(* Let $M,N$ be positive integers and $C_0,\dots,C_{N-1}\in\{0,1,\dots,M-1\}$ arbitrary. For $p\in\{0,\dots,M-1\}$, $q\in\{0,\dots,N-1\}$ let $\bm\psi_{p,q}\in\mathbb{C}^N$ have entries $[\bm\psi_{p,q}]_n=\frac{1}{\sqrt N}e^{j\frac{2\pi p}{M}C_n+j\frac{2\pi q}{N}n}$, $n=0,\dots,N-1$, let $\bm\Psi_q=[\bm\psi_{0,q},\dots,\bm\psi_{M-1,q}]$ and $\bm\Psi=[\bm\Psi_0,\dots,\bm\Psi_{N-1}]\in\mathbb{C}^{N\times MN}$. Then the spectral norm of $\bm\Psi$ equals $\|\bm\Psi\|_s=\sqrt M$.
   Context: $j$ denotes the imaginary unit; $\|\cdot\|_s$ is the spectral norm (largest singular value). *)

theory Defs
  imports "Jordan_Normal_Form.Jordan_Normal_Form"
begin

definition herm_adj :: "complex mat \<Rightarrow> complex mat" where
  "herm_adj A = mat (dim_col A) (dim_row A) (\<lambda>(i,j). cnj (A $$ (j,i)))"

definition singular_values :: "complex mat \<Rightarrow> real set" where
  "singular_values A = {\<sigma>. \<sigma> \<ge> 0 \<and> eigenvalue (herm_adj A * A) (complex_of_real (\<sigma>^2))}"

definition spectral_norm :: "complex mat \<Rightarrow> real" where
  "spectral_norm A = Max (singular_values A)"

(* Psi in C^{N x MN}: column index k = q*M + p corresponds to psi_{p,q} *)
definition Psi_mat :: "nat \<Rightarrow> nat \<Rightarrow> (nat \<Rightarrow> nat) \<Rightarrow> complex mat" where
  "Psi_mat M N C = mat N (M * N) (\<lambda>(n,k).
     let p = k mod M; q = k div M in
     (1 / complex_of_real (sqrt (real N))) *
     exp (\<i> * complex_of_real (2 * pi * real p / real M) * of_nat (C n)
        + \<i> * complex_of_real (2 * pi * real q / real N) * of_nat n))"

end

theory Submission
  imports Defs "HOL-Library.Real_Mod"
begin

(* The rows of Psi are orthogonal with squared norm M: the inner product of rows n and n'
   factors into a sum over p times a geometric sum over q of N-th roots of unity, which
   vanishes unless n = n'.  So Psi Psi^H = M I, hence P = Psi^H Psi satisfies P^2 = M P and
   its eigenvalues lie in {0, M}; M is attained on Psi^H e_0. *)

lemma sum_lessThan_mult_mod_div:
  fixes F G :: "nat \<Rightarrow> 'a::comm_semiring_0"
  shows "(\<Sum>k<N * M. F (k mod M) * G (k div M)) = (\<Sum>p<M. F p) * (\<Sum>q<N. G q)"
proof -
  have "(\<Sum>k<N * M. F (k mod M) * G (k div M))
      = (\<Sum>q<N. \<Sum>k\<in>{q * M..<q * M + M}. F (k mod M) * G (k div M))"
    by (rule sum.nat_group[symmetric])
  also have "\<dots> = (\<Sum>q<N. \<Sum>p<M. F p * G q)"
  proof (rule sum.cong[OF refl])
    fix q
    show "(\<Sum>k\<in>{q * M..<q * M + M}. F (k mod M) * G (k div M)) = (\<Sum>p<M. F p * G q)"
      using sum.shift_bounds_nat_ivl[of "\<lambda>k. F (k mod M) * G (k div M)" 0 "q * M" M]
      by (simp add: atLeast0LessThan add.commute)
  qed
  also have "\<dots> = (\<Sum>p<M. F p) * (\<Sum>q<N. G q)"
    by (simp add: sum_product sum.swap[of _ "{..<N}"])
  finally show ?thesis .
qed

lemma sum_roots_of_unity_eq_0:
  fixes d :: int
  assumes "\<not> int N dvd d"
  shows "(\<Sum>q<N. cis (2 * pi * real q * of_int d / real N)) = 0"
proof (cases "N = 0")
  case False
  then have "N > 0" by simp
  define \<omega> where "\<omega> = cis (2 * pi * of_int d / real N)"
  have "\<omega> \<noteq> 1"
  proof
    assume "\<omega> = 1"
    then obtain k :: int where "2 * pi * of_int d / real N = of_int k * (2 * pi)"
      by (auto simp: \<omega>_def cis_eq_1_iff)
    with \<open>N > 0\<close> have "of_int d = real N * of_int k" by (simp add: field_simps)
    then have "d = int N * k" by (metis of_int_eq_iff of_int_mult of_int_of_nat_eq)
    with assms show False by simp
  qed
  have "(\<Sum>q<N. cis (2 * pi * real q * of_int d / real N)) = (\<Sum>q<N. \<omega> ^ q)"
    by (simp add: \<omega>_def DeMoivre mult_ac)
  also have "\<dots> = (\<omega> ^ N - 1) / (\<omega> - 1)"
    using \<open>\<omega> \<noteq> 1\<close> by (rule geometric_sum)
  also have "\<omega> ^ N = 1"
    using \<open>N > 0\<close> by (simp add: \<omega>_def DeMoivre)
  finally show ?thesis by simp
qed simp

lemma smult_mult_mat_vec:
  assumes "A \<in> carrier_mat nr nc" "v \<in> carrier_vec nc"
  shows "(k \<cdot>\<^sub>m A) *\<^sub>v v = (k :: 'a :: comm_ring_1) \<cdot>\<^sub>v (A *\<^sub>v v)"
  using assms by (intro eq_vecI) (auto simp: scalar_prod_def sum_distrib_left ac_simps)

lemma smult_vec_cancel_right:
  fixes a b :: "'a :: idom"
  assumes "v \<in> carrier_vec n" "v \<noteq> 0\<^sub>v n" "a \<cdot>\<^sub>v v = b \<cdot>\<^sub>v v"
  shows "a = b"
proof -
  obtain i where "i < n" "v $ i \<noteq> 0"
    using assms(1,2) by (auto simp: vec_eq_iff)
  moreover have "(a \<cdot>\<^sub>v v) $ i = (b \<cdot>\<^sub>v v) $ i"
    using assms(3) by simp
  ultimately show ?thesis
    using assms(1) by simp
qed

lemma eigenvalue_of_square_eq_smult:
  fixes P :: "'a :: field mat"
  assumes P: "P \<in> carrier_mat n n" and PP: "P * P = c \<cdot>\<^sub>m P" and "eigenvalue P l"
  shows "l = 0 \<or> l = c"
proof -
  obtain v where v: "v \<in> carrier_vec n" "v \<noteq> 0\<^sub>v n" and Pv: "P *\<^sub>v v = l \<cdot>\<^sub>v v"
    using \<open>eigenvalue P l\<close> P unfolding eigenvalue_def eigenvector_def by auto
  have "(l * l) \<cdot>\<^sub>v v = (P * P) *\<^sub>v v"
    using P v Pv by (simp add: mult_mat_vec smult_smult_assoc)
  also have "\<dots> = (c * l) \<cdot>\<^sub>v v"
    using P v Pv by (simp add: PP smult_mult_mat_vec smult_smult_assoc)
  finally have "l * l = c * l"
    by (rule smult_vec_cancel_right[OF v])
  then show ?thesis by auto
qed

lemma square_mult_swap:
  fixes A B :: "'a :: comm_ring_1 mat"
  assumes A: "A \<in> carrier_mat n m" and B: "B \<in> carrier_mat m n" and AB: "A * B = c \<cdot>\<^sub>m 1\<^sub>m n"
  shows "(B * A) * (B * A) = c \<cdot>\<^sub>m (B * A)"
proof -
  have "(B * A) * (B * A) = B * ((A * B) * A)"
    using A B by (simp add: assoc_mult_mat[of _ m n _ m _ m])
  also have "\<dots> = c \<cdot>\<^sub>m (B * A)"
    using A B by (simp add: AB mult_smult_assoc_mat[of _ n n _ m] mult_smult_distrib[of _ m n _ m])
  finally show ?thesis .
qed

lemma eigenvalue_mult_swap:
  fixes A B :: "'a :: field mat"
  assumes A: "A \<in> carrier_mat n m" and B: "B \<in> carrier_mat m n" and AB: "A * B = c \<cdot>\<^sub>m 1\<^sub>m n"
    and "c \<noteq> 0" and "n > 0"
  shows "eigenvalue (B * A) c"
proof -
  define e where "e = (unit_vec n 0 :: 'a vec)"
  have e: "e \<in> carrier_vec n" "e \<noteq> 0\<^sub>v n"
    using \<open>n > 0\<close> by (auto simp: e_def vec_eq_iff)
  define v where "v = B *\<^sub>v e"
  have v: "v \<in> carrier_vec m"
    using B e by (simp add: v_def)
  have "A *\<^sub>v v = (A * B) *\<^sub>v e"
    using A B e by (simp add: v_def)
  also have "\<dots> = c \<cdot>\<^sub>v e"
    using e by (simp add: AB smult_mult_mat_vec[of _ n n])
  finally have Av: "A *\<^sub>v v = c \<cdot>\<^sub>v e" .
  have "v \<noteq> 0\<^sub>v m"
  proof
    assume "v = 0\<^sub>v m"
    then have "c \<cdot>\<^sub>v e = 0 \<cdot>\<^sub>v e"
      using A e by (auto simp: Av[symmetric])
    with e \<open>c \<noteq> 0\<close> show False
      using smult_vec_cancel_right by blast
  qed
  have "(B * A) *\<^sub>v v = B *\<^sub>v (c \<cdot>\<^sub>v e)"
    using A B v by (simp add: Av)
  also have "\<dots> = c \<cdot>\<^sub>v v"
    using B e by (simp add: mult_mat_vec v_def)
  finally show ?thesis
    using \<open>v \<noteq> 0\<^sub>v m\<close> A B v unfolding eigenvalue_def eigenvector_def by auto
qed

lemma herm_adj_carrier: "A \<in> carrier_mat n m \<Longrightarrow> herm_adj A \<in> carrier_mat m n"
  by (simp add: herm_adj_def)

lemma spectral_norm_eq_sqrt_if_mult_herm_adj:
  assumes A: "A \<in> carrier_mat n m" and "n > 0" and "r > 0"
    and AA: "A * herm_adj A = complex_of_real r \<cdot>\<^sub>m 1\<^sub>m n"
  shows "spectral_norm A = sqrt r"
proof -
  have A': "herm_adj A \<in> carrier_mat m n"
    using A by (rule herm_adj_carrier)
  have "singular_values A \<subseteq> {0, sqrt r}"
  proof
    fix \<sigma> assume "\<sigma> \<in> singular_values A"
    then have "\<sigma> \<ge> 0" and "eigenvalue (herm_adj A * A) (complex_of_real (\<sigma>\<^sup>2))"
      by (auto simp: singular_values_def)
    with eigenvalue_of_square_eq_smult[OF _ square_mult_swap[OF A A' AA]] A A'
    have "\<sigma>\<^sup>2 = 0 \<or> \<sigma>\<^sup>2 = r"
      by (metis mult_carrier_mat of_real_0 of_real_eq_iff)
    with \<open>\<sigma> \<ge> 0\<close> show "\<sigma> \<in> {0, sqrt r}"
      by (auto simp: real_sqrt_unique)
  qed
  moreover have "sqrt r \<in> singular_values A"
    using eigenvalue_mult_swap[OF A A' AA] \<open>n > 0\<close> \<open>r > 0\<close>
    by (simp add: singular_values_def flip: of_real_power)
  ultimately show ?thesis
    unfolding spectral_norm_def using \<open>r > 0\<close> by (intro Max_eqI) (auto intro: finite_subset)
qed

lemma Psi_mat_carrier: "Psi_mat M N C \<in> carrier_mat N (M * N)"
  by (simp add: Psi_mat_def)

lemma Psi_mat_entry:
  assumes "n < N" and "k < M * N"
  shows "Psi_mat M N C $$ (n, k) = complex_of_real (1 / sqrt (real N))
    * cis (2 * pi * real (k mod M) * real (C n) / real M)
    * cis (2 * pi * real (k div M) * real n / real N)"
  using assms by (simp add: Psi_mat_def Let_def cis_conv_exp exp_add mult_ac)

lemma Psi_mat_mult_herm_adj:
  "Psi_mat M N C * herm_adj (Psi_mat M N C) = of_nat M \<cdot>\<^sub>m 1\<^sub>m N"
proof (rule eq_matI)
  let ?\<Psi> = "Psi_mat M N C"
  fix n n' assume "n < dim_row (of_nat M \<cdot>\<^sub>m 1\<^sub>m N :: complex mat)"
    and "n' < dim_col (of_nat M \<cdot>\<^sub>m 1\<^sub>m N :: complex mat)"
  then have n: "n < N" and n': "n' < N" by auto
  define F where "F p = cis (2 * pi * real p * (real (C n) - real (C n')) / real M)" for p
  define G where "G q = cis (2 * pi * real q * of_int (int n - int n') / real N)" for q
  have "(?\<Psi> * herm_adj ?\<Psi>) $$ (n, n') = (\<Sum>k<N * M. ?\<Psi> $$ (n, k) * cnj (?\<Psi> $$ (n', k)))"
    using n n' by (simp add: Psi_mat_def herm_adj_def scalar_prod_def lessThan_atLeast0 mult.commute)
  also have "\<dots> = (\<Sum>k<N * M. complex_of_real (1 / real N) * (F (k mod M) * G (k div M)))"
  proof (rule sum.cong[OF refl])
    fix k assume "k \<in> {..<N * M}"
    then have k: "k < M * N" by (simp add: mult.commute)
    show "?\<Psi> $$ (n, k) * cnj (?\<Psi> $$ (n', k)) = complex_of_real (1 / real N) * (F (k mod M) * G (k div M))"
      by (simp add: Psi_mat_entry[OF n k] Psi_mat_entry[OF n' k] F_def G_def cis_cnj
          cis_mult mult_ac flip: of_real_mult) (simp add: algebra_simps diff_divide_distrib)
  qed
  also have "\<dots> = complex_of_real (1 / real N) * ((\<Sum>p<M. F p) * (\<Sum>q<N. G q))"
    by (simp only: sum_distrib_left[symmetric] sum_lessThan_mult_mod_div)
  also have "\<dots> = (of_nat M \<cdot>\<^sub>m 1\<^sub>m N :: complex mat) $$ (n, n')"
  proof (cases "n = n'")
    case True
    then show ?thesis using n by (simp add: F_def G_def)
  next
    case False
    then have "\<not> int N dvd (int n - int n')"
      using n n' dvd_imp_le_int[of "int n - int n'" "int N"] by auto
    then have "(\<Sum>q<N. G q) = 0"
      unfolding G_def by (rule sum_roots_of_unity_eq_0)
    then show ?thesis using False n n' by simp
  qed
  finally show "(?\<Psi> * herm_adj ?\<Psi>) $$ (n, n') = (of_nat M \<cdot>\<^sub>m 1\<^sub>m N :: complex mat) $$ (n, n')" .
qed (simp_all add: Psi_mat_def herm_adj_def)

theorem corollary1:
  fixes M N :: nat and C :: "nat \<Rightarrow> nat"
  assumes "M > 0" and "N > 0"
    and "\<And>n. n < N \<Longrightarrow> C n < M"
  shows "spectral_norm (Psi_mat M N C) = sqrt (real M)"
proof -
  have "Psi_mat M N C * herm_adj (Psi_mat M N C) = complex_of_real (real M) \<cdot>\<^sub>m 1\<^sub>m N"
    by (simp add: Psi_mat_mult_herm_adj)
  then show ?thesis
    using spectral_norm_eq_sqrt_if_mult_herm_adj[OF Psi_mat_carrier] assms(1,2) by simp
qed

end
########################################
ACTIVITY:
In the material above, find the line containing "M. complex_of_real (1" and the line containing "N) * ((\<Sum>p<M.", then write out exactly those two lines and every line between them, and nothing more.

WORKED SOLUTION:
  also have "\<dots> = (\<Sum>k<N * M. complex_of_real (1 / real N) * (F (k mod M) * G (k div M)))"
  proof (rule sum.cong[OF refl])
    fix k assume "k \<in> {..<N * M}"
    then have k: "k < M * N" by (simp add: mult.commute)
    show "?\<Psi> $$ (n, k) * cnj (?\<Psi> $$ (n', k)) = complex_of_real (1 / real N) * (F (k mod M) * G (k div M))"
      by (simp add: Psi_mat_entry[OF n k] Psi_mat_entry[OF n' k] F_def G_def cis_cnj
          cis_mult mult_ac flip: of_real_mult) (simp add: algebra_simps diff_divide_distrib)
  qed
  also have "\<dots> = complex_of_real (1 / real N) * ((\<Sum>p<M. F p) * (\<Sum>q<N. G q))"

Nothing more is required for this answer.